• **Exercise aim**:
Starting with the line that contains "by (rule eq_vecI) (auto simp: rank_two_mat_def)", copy every remaining line of the data below exactly, the last one included.

Entries taken from a collection:
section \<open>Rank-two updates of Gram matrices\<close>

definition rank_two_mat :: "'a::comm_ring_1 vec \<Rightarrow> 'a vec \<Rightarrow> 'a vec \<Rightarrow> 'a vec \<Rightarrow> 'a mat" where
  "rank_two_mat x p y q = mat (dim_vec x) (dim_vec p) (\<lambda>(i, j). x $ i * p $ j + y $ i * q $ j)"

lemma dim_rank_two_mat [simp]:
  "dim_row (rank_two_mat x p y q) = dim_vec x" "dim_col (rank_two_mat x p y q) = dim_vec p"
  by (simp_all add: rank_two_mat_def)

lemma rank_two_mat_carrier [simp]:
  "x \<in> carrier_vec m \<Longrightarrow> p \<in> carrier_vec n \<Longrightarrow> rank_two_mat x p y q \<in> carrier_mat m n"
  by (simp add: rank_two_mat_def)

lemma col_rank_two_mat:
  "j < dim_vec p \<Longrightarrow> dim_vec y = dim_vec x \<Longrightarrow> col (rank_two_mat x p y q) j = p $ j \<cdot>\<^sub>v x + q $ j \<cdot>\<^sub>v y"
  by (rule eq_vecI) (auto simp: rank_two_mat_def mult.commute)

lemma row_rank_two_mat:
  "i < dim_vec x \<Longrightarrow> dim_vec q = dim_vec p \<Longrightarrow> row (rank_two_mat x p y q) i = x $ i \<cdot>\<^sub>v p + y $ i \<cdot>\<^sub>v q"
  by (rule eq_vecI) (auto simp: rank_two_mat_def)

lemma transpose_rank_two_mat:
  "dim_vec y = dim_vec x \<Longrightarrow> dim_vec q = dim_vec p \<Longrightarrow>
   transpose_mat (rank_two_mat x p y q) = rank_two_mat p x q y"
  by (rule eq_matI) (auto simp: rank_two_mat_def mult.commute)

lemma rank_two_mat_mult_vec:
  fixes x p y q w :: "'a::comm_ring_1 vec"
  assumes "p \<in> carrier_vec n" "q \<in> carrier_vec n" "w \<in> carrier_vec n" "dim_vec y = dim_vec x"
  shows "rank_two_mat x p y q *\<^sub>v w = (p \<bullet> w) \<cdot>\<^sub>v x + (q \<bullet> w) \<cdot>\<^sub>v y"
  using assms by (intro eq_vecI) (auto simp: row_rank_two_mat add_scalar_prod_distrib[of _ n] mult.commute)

• **Task result**:
  by (rule eq_vecI) (auto simp: rank_two_mat_def)

lemma transpose_rank_two_mat:
  "dim_vec y = dim_vec x \<Longrightarrow> dim_vec q = dim_vec p \<Longrightarrow>
   transpose_mat (rank_two_mat x p y q) = rank_two_mat p x q y"
  by (rule eq_matI) (auto simp: rank_two_mat_def mult.commute)

lemma rank_two_mat_mult_vec:
  fixes x p y q w :: "'a::comm_ring_1 vec"
  assumes "p \<in> carrier_vec n" "q \<in> carrier_vec n" "w \<in> carrier_vec n" "dim_vec y = dim_vec x"
  shows "rank_two_mat x p y q *\<^sub>v w = (p \<bullet> w) \<cdot>\<^sub>v x + (q \<bullet> w) \<cdot>\<^sub>v y"
  using assms by (intro eq_vecI) (auto simp: row_rank_two_mat add_scalar_prod_distrib[of _ n] mult.commute)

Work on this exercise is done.